The first solution means both species are extinct. If both populations are zero, they will stay that way forever. The second solution represents a balance where predator and prey numbers remain stable and non-zero indefinitely. The exact numbers depend on the values of the parameters α, β, γ, and δ.

To determine the stability of the balance point at zero (no life), scientists use a mathematical tool called the Jacobian matrix. For the point (0, 0), the Jacobian becomes:
J(0, 0) = [α, 0; 0, −γ].

The eigenvalues of this matrix are λ₁ = α and λ₂ = −γ. Since α and γ are always positive, the eigenvalues have opposite signs. This means the balance point at zero is unstable, like a saddle point. If this point were stable, populations might collapse to zero.
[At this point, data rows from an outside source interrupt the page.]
(* Let $G$ be a connected graph of order $n\geq 3$ and let $g:A\rightarrow B$ be any function. Then $0\leq fix(F_G)\leq 2n-3$. Both bounds are sharp, i.e. each is attained for some connected graph $G$ of order $n\ge 3$ and some function $g$.
   Context: All graphs are simple, finite, nontrivial and connected. For a graph $H$, an automorphism is a bijection $\alpha:V(H)\to V(H)$ with $\alpha(u)\alpha(v)\in E(H)$ iff $uv\in E(H)$. A set $S\subseteq V(H)$ is a fixing set of $H$ if the only automorphism of $H$ fixing every vertex of $S$ is the identity; the fixing number $fix(H)$ is the minimum cardinality of a fixing set of $H$. Functigraph: let $G_1,G_2$ be disjoint copies of a connected graph $G$, with $A=V(G_1)$, $B=V(G_2)$, and let $g:A\to B$ be a function. The functigraph $F_G$ (which depends on $g$) has vertex set $A\cup B$ and edge set $E(G_1)\cup E(G_2)\cup\{ug(u):u\in A\}$. *)

theory Defs
  imports Main
begin

definition simple_graph :: "'a set \<Rightarrow> ('a \<Rightarrow> 'a \<Rightarrow> bool) \<Rightarrow> bool" where
  "simple_graph V E \<longleftrightarrow> finite V \<and> (\<forall>u v. E u v \<longrightarrow> u \<in> V \<and> v \<in> V)
     \<and> (\<forall>u v. E u v \<longrightarrow> E v u) \<and> (\<forall>u. \<not> E u u)"

definition connected_graph :: "'a set \<Rightarrow> ('a \<Rightarrow> 'a \<Rightarrow> bool) \<Rightarrow> bool" where
  "connected_graph V E \<longleftrightarrow> V \<noteq> {} \<and>
     (\<forall>u\<in>V. \<forall>v\<in>V. (\<lambda>x y. x \<in> V \<and> y \<in> V \<and> E x y)\<^sup>*\<^sup>* u v)"

definition automorphism :: "'a set \<Rightarrow> ('a \<Rightarrow> 'a \<Rightarrow> bool) \<Rightarrow> ('a \<Rightarrow> 'a) \<Rightarrow> bool" where
  "automorphism V E \<alpha> \<longleftrightarrow> bij_betw \<alpha> V V \<and>
     (\<forall>u\<in>V. \<forall>v\<in>V. E (\<alpha> u) (\<alpha> v) \<longleftrightarrow> E u v)"

definition fixing_set :: "'a set \<Rightarrow> ('a \<Rightarrow> 'a \<Rightarrow> bool) \<Rightarrow> 'a set \<Rightarrow> bool" where
  "fixing_set V E S \<longleftrightarrow> S \<subseteq> V \<and>
     (\<forall>\<alpha>. automorphism V E \<alpha> \<and> (\<forall>s\<in>S. \<alpha> s = s) \<longrightarrow> (\<forall>v\<in>V. \<alpha> v = v))"

definition fixing_number :: "'a set \<Rightarrow> ('a \<Rightarrow> 'a \<Rightarrow> bool) \<Rightarrow> nat" where
  "fixing_number V E = (LEAST k. \<exists>S. fixing_set V E S \<and> card S = k)"

text \<open>Functigraph: A = Inl ` V (copy G1), B = Inr ` V (copy G2); the function
  g : A \<rightarrow> B is represented by g :: 'a \<Rightarrow> 'a with g ` V \<subseteq> V, sending Inl u to Inr (g u).\<close>
definition functigraph_vertices :: "'a set \<Rightarrow> ('a + 'a) set" where
  "functigraph_vertices V = Inl ` V \<union> Inr ` V"
(* Let $X$ be a real Hilbert space and let $A,B$ be closed convex nonempty subsets of $X$ such that $E$ and $F$ are (nonempty and) bounded. Suppose that the couple $(A,B)$ is regular. Then the couple $(A,B)$ is $d$-stable.
   Context: $P_C$ is the metric projection onto a closed convex nonempty set $C$; $B_X$ the closed unit ball; $\mathrm{dist}(x,S)=\inf_{s\in S}\|x-s\|$, $\mathrm{dist}(S,T)=\inf_{s\in S}\mathrm{dist}(s,T)$. $E=\{a\in A:\mathrm{dist}(a,B)=\mathrm{dist}(A,B)\}$, $F=\{b\in B:\mathrm{dist}(b,A)=\mathrm{dist}(A,B)\}$, $v=P_{\overline{B-A}}(0)$ (projection of $0$ onto the closure of $B-A$). The couple $(A,B)$ (with $E,F$ nonempty) is regular if for each $\epsilon>0$ there is $\delta>0$ such that $\mathrm{dist}(x,E)\le\epsilon$ whenever $x\in X$ and $\max\{\mathrm{dist}(x,A),\mathrm{dist}(x,B-v)\}\le\delta$. Attouch–Wets convergence: for nonempty closed $C,D$ and $N\in\mathbb N$ let $e_N(C,D)=\sup_{c\in C\cap NB_X}\mathrm{dist}(c,D)$ ($0$ if $C\cap NB_X=\emptyset$) and $h_N(C,D)=\max\{e_N(C,D),e_N(D,C)\}$; $C_j\to C$ if $\lim_j h_N(C_j,C)=0$ for every $N\in\mathbb N$. Given sequences $\{A_n\},\{B_n\}$ of closed convex nonempty sets and $a_0\in X$, the perturbed alternating projections sequences are defined by $b_n=P_{B_n}(a_{n-1})$ and $a_n=P_{A_n}(b_n)$ for $n\in\mathbb N$. The couple $(A,B)$ (with $E,F$ nonempty) is $d$-stable if for every choice of sequences $\{A_n\},\{B_n\}$ of closed convex nonempty sets converging in the Attouch–Wets sense to $A$ and $B$ respectively, and every starting point $a_0\in X$, the corresponding perturbed alternating projections sequences satisfy $\mathrm{dist}(a_n,E)\to0$ and $\mathrm{dist}(b_n,F)\to0$. *)

theory Defs
  imports "HOL-Analysis.Analysis"
begin
lemma P_BN_fun_upd_leaf:
  assumes "finite V" "X \<in> V" "\<forall>Y\<in>V. X \<notin> par Y"
  shows "P_BN V par cpt (g(X := y)) = cpt X y (restrict g (par X)) * P_BN (V - {X}) par cpt g"
proof -
  have restrict_upd: "restrict (g(X := y)) (par Y) = restrict g (par Y)" if "Y \<in> V" for Y
    using assms(3) that by (auto simp: restrict_def)
  have "P_BN V par cpt (g(X := y))
      = cpt X y (restrict (g(X := y)) (par X)) * P_BN (V - {X}) par cpt (g(X := y))"
    unfolding P_BN_def using assms(1,2) by (simp add: prod.remove)
  also have "P_BN (V - {X}) par cpt (g(X := y)) = P_BN (V - {X}) par cpt g"
    unfolding P_BN_def using restrict_upd by (intro prod.cong) auto
  finally show ?thesis
    by (simp only: restrict_upd[OF assms(2)])
qed

lemma sum_PiE_insert:
  assumes "X \<notin> S"
  shows "(\<Sum>\<omega>\<in>PiE (insert X S) T. f \<omega>) = (\<Sum>g\<in>PiE S T. \<Sum>y\<in>T X. f (g(X := y)))"
proof -
  have "(\<Sum>\<omega>\<in>PiE (insert X S) T. f \<omega>) = (\<Sum>(y, g)\<in>T X \<times> PiE S T. f (g(X := y)))"
    unfolding PiE_insert_eq by (subst sum.reindex[OF inj_combinator[OF assms]]) (simp add: case_prod_unfold)
  also have "\<dots> = (\<Sum>y\<in>T X. \<Sum>g\<in>PiE S T. f (g(X := y)))"
    by (rule sum.cartesian_product[symmetric])
  finally show ?thesis
    by (simp add: sum.swap[of _ "T X"])
qed

lemma sum_P_BN_eq_1:
  assumes "is_BN V val par cpt"
  shows "(\<Sum>\<omega>\<in>worlds V val. P_BN V par cpt \<omega>) = 1"
  using assms
proof (induction "card V" arbitrary: V)
  case 0
  then have "V = {}" unfolding is_BN_def by auto
  then show ?case by (simp add: P_BN_def worlds_def)
next
  case (Suc n)
  have "finite V" using Suc.prems unfolding is_BN_def by auto
  with Suc.hyps(2) have "V \<noteq> {}" by auto
  then obtain X where X: "X \<in> V" "\<forall>Y\<in>V. X \<notin> par Y"
    using is_BN_ex_leaf[OF Suc.prems] by blast
  have "n = card (V - {X})"
    using Suc.hyps(2) X(1) \<open>finite V\<close> by simp
  note IH = Suc.hyps(1)[OF this is_BN_Diff_leaf[OF Suc.prems X(2)]]
  have cpt_sum: "(\<Sum>y\<in>val X. cpt X y (restrict g (par X))) = 1" if "g \<in> worlds (V - {X}) val" for g
  proof -
    have "par X \<subseteq> V - {X}" using Suc.prems X unfolding is_BN_def by auto
    with that have "restrict g (par X) \<in> PiE (par X) val" by (auto simp: worlds_def)
    then show ?thesis using Suc.prems X(1) unfolding is_BN_def by auto
  qed
  have "(\<Sum>\<omega>\<in>worlds V val. P_BN V par cpt \<omega>)
      = (\<Sum>\<omega>\<in>PiE (insert X (V - {X})) val. P_BN V par cpt \<omega>)"
    by (simp add: worlds_def insert_absorb[OF X(1)])
  also have "\<dots> = (\<Sum>g\<in>worlds (V - {X}) val. \<Sum>y\<in>val X. P_BN V par cpt (g(X := y)))"
    unfolding worlds_def by (rule sum_PiE_insert) simp
  also have "\<dots> = (\<Sum>g\<in>worlds (V - {X}) val.
                    (\<Sum>y\<in>val X. cpt X y (restrict g (par X))) * P_BN (V - {X}) par cpt g)"
    by (simp add: P_BN_fun_upd_leaf[OF \<open>finite V\<close> X] sum_distrib_right)
  also have "\<dots> = (\<Sum>g\<in>worlds (V - {X}) val. P_BN (V - {X}) par cpt g)"
    by (rule sum.cong) (simp_all add: cpt_sum)
  finally show ?case
    using IH by simp
qed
However, because it is unstable, extinction is unlikely unless prey is completely removed (causing predators to starve) or predators are removed (allowing prey to grow endlessly).

At the second balance point (γ/δ, α/β), the Jacobian matrix becomes:
J(γ/δ, α/β) = [0, −βγ/δ; αδ/β, 0].

The eigenvalues here are λ₁ = i√(αγ) and λ₂ = −i√(αγ). These values are purely imaginary, meaning the balance point is either a center (with closed, repeating cycles) or a spiral. In this model, the balance point is a center, and populations oscillate in a repeating pattern around it. These cycles have a frequency of ω = √(αγ) and a period of T = 2π/√(αγ).

The conserved quantity V = δx − γ ln(x) + βy − α ln(y) helps describe these cycles. Closed orbits around the balance point show that predator and prey numbers rise and fall in a predictable, repeating pattern.

The constant K = y^α e^−βy x^γ e^−δx represents the value of V for these cycles. Increasing K moves the cycle closer to the balance point. The maximum value of K occurs at the balance point (γ/δ, α/β) and is calculated as K* = (α/(βe))²α (γ/(δe))²γ, where e is Euler’s number.